In any case, the problem is probably not Tomcat, but (and I don't mean to offend, but it is the way it is) sloppy or innefficient coding on the part of the application.
I am a mainframe personnel working on CR in a Java application. (Not much depth in java plus no idea who coded this application)
The application actually retreives data from MS Access to create the report. The queries are extensive and lot of queries are executed inside some outer query. Finally the output is written into and excel.
I have observed that each time the server generates the report, the report generation becomes slow. It takes 4s intially, then 5s, then 10s, then 30s and so on.
I tried coding the array list (used to store the query results to create excel) to null. Doesn't work.
Tried even System.gc().
How can I know that too many things are "caching"?
You need to get a Java Programmer to look at it.

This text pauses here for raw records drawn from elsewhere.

lemma glue_standard_cycle:
  assumes \<tau>: "\<tau> \<in> Cyc m" and \<sigma>: "\<sigma> \<in> Cyc n" and n: "1 \<le> n" and m: "1 \<le> m"
  shows "standard_cycle (papp (glue \<tau> \<sigma>)) (n + m) (odot (theta \<tau>) (theta \<sigma>))"
proof -
  define a where "a = theta \<tau>"
  define b where "b = theta \<sigma>"
  have dist_a: "distinct a" and set_a: "set a = {1..m}" and hd_a: "hd a = m"
    using theta_standard_cycle[OF \<tau> m] by (auto simp: a_def standard_cycle_def)
  have dist_b: "distinct b" and set_b: "set b = {1..n}"
    using theta_standard_cycle[OF \<sigma> n] by (auto simp: b_def standard_cycle_def)
  have len_a: "length a = m" and len_b: "length b = n"
    using distinct_card dist_a set_a dist_b set_b by fastforce+
  have "1 \<in> set a" using set_a m by simp
  then obtain k0 where k0: "k0 < length a" "a ! k0 = 1" and odot_eq:
    "odot a b = rotate (n + (length a - Suc k0)) (b @ map (\<lambda>v. v + n) (rotate (Suc k0) a))"
    by (rule odot_eq_rotate[OF len_b])
  have shifted: "set (map (\<lambda>v. v + n) (rotate (Suc k0) a)) = {n + 1..n + m}"
    using set_a by (simp del: rotate_Suc add: add.commute[of _ n])
  have "cycle_list (papp (glue \<tau> \<sigma>)) (odot a b)"
    unfolding odot_eq using glue_cycle_list[OF \<tau> \<sigma> n m] k0 len_a
    by (intro cycle_list_rotate) (simp add: a_def b_def)
  moreover have "distinct (odot a b)"
    unfolding odot_eq using dist_a dist_b set_b shifted
    by (auto simp del: rotate_Suc simp: distinct_map)
  moreover have "set (odot a b) = {1..n + m}"
    unfolding odot_eq using set_b shifted n by (auto simp del: rotate_Suc)
  moreover have "hd (odot a b) = n + m"
  proof -
    have "hd (map (\<lambda>v. v + n) (take (Suc k) a) @ rest) = hd a + n" for k rest
      using len_a m by (cases a) auto
    then show ?thesis using hd_a by (simp add: odot_def Let_def len_b)
  qed
  ultimately show ?thesis by (simp add: standard_cycle_def a_def b_def)
qed

lemma glue_Cyc:
  assumes "\<tau> \<in> Cyc m" "\<sigma> \<in> Cyc n" "1 \<le> n" "1 \<le> m"
  shows "glue \<tau> \<sigma> \<in> Cyc (n + m) \<and> theta (glue \<tau> \<sigma>) = odot (theta \<tau>) (theta \<sigma>)"
proof (rule Cyc_if_standard_cycle[OF _ _ glue_standard_cycle[OF assms]])
  have "length \<tau> = m" "length \<sigma> = n" using assms(1,2) by (auto simp: Cyc_def perms_def)
  moreover have "\<tau> \<noteq> []" using calculation assms(4) by auto
  ultimately show "length (glue \<tau> \<sigma>) = n + m"
    by (simp add: length_glue)
qed (use assms in simp)

lemma theta_inv_odot_theta:
  assumes "\<tau> \<in> Cyc m" "\<sigma> \<in> Cyc n" "1 \<le> n" "1 \<le> m"
  shows "theta_inv (n + m) (odot (theta \<tau>) (theta \<sigma>)) = glue \<tau> \<sigma>"
  using glue_Cyc[OF assms] theta_inv_theta[of "glue \<tau> \<sigma>" "n + m"] assms(3) by simp

lemma filter_greater_replace_max:
  assumes "\<sigma> \<in> perms n" "1 \<le> n" "n < x"
  shows "filter (\<lambda>v. n < v) (map (\<lambda>v. if v = n then x else v) \<sigma>) = [x]"
proof -
  have "n \<in> set \<sigma>" "distinct \<sigma>" "set \<sigma> = {1..n}" using assms(1,2) by (auto simp: perms_def)
  moreover obtain xs ys where "\<sigma> = xs @ n # ys"
    using split_list[OF \<open>n \<in> set \<sigma>\<close>] by blast
  ultimately have xs_ys: "\<sigma> = xs @ n # ys" "\<forall>v\<in>set xs \<union> set ys. v < n"
    by fastforce+
  have "filter (\<lambda>v. n < v) (map (\<lambda>v. if v = n then x else v) zs) = []" if "\<forall>v\<in>set zs. v < n" for zs
    using that by (auto simp: filter_empty_conv)
  then show ?thesis using xs_ys assms(3) by simp
qed

lemma glue_blocks:
  assumes \<sigma>: "\<sigma> \<in> perms n" "1 \<le> n" and \<tau>: "\<tau> \<in> perms m" "1 \<le> m"
  defines "A \<equiv> map (\<lambda>v. if v = n then hd \<tau> + n else v) \<sigma>" and "B \<equiv> map (\<lambda>v. v + n) (tl \<tau>)"
  shows "glue \<tau> \<sigma> = (A @ [n]) @ B" "filter (\<lambda>v. n < v) A = [hd \<tau> + n]"
    "\<forall>v\<in>set B. n < v" "[hd \<tau> + n] @ B = map (\<lambda>v. v + n) \<tau>"
proof -
  have set_\<tau>: "set \<tau> = {1..m}" and "\<tau> \<noteq> []"
    using \<tau> by (auto simp: perms_def)
  show "glue \<tau> \<sigma> = (A @ [n]) @ B"
    using \<sigma> by (simp add: glue_def perms_length A_def B_def)
  show "\<forall>v\<in>set B. n < v"
    using set_\<tau> \<open>\<tau> \<noteq> []\<close> by (auto simp: B_def dest: list.set_sel(2))
  have "0 < hd \<tau>"
    using set_\<tau> hd_in_set[OF \<open>\<tau> \<noteq> []\<close>] by auto
  then show "filter (\<lambda>v. n < v) A = [hd \<tau> + n]"
    unfolding A_def by (intro filter_greater_replace_max[OF \<sigma>]) simp
  show "[hd \<tau> + n] @ B = map (\<lambda>v. v + n) \<tau>"
    using \<open>\<tau> \<noteq> []\<close> by (cases \<tau>) (simp_all add: B_def)
qed

lemma glue_avoids_321:
  assumes \<sigma>: "\<sigma> \<in> perms n" "1 \<le> n" and \<tau>: "\<tau> \<in> perms m" "1 \<le> m"
    and av: "\<not> contains321 \<sigma>" "\<not> contains321 \<tau>"
  shows "\<not> contains321 (glue \<tau> \<sigma>)"
proof
  define f where "f v = (if v = n then hd \<tau> + n else v)" for v
  let ?A = "map f \<sigma>" and ?B = "map (\<lambda>v. v + n) (tl \<tau>)"
  note blocks = glue_blocks[OF \<sigma> \<tau>, folded f_def]
  assume "contains321 (glue \<tau> \<sigma>)"
  then obtain a b c where abc: "subseq [a, b, c] ((?A @ [n]) @ ?B)" "b < a" "c < b"
    unfolding contains321_iff_subseq blocks(1) by blast
  have init: "subseq ([a, b] @ [c]) (?A @ [n])" if "c \<le> n"
  proof (rule subseq_snoc_append_notin)
    show "subseq ([a, b] @ [c]) ((?A @ [n]) @ ?B)" using abc(1) by simp
    show "c \<notin> set ?B" using blocks(3) that by auto
  qed
  consider "n < c" | "c < n" | "c = n" by linarith
  then show False
  proof cases
    case 1
    have "filter (\<lambda>v. n < v) ((?A @ [n]) @ ?B) = map (\<lambda>v. v + n) \<tau>"
      using blocks by simp
    then have "subseq [a, b, c] (map (\<lambda>v. v + n) \<tau>)"
      using subseq_filter[OF abc(1), of "\<lambda>v. n < v"] 1 abc(2,3) by simp
    then have "contains321 (map (\<lambda>v. v + n) \<tau>)"
      using abc(2,3) contains321_iff_subseq by blast
    then show False
      using av(2) contains321_map_strict_mono[of \<tau> "\<lambda>v. v + n"] by (simp add: strict_mono_on_def)
  next
    case 2
    have "subseq ([a, b] @ [c]) ?A"
      by (rule subseq_snoc_append_notin[OF init]) (use 2 in auto)
    then have "contains321 ?A"
      unfolding contains321_iff_subseq using abc(2,3) by auto
    moreover have "strict_mono_on (set \<sigma>) f"
      using \<sigma>(1) by (auto simp: strict_mono_on_def f_def perms_def)
    ultimately show False
      using av(1) contains321_map_strict_mono by blast
  next
    case 3
    then have "subseq [a, b] ?A"
      using init subseq_append[of "[a, b]" "[n]" ?A] by simp
    then have "subseq [a, b] [hd \<tau> + n]"
      using subseq_filter[of "[a, b]" ?A "\<lambda>v. n < v"] blocks(2) abc(2,3) 3 by simp
    then show False using list_emb_length by fastforce
  qed
qed

lemma glue_Cyc321:
  assumes "\<tau> \<in> Cyc321 m" "\<sigma> \<in> Cyc321 n" "1 \<le> n" "1 \<le> m"
  shows "glue \<tau> \<sigma> \<in> Cyc321 (n + m)"
proof -
  have "\<tau> \<in> Cyc m" "\<sigma> \<in> Cyc n" "\<not> contains321 \<tau>" "\<not> contains321 \<sigma>"
    using assms(1,2) by (simp_all add: Cyc321_def)
  then show ?thesis
    using glue_Cyc[of \<tau> m \<sigma> n] glue_avoids_321[of \<sigma> n \<tau> m] assms(3,4)
    by (simp add: Cyc321_def Cyc_def)
qed

theorem mainTheorem8:
  fixes n m :: nat
  assumes "1 \<le> n" and "1 \<le> m"
  shows "cnum n * cnum m \<le> cnum (n + m)
    \<and> (\<lambda>(\<tau>, \<sigma>). theta_inv (n + m) (odot (theta \<tau>) (theta \<sigma>))) ` (Cyc321 m \<times> Cyc321 n) \<subseteq> Cyc321 (n + m)
    \<and> inj_on (\<lambda>(\<tau>, \<sigma>). theta_inv (n + m) (odot (theta \<tau>) (theta \<sigma>))) (Cyc321 m \<times> Cyc321 n)"
proof -
  let ?F = "\<lambda>(\<tau>, \<sigma>). theta_inv (n + m) (odot (theta \<tau>) (theta \<sigma>))"
  let ?D = "Cyc321 m \<times> Cyc321 n"
  have D: "?D \<subseteq> Cyc m \<times> Cyc n" by (auto simp: Cyc321_def)
  have F: "?F x = case_prod glue x" if "x \<in> ?D" for x
    using that D assms theta_inv_odot_theta by auto
  have sub: "?F ` ?D \<subseteq> Cyc321 (n + m)"
    using F glue_Cyc321 assms by auto
  have "inj_on (theta \<circ> ?F) ?D"
  proof (rule inj_on_cong[THEN iffD2])
    show "inj_on (\<lambda>(\<tau>, \<sigma>). odot (theta \<tau>) (theta \<sigma>)) ?D"
      using inj_on_odot_theta[OF assms] D by (rule inj_on_subset)
    show "(theta \<circ> ?F) x = (\<lambda>(\<tau>, \<sigma>). odot (theta \<tau>) (theta \<sigma>)) x" if "x \<in> ?D" for x
      using that D F assms glue_Cyc by auto
  qed
  then have inj: "inj_on ?F ?D" by (rule inj_on_imageI2)
  have "card ?D \<le> card (Cyc321 (n + m))"
    using card_inj_on_le[OF inj sub finite_Cyc321] .
  then have "cnum n * cnum m \<le> cnum (n + m)"
    by (simp add: cnum_def card_cartesian_product mult.commute)
  with sub inj show ?thesis by blast
qed

end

I will say, that if you are using the JDBC-ODBC that comes with the JRE to interact with the MSAccess and MSExcel, then every time that it runs correctly you have gotten lucky, because that bridge is not thread-safe and JSP are inherently threaded (the tomcat initiates it once, then spins off threads of that same instance to handle requests).
sounds like you're letting memory clutter up with unused object references.
Garbage collection won't pick them up because there are still references to it.
Manually trying to force garbage collection is another Very Bad Thing (tm), almost as bad as restarting the server to hide the fact that you have a shoddy application running on it.
Almost certainly you're storing something (probably the entire data for the report) in some global variable which you then forget about but don't actually let go out of scope.
Another near certainty are database connections and other database resources being opened but never closed.
Both are extremely common mistakes made by inexperienced programmers.
Your proposed "solution" is so wrong in every way.
Have somebody profile that app to see what's really going on and stop guessing.
%
As Jwenting pointed out .....check the resources if properly closed.
Check for SQL and I/O resources.If not apply proper try catch and close the resources in the finally block.
These are indeed very common problems overlooked and
that cause huge performance impacts.
I dont think shutting down the server or system.gc() is a solution.
Dig into the code and find out if the resources are closed.
Do check your session((if any) management also.
Thanks all for your responses.
I wrote a batch script and scheduled to restart the server every night. This is a temporary fix.
Will ask some Java personnel to look into it. I have observed that if i comment out the part of code which actually writes the excel (we are using some jxl.* package to format excel), the performance is improved greatly.
i.e., only if I write the array list to excel, things are getting slowed down. The max size of the report generated is 1 MB.
Any pointer in this regards?
yes, the problem is most likely with that library.
If it's your own, fix it.
If not, contact the authors to have it fixed and/or investigate alternatives.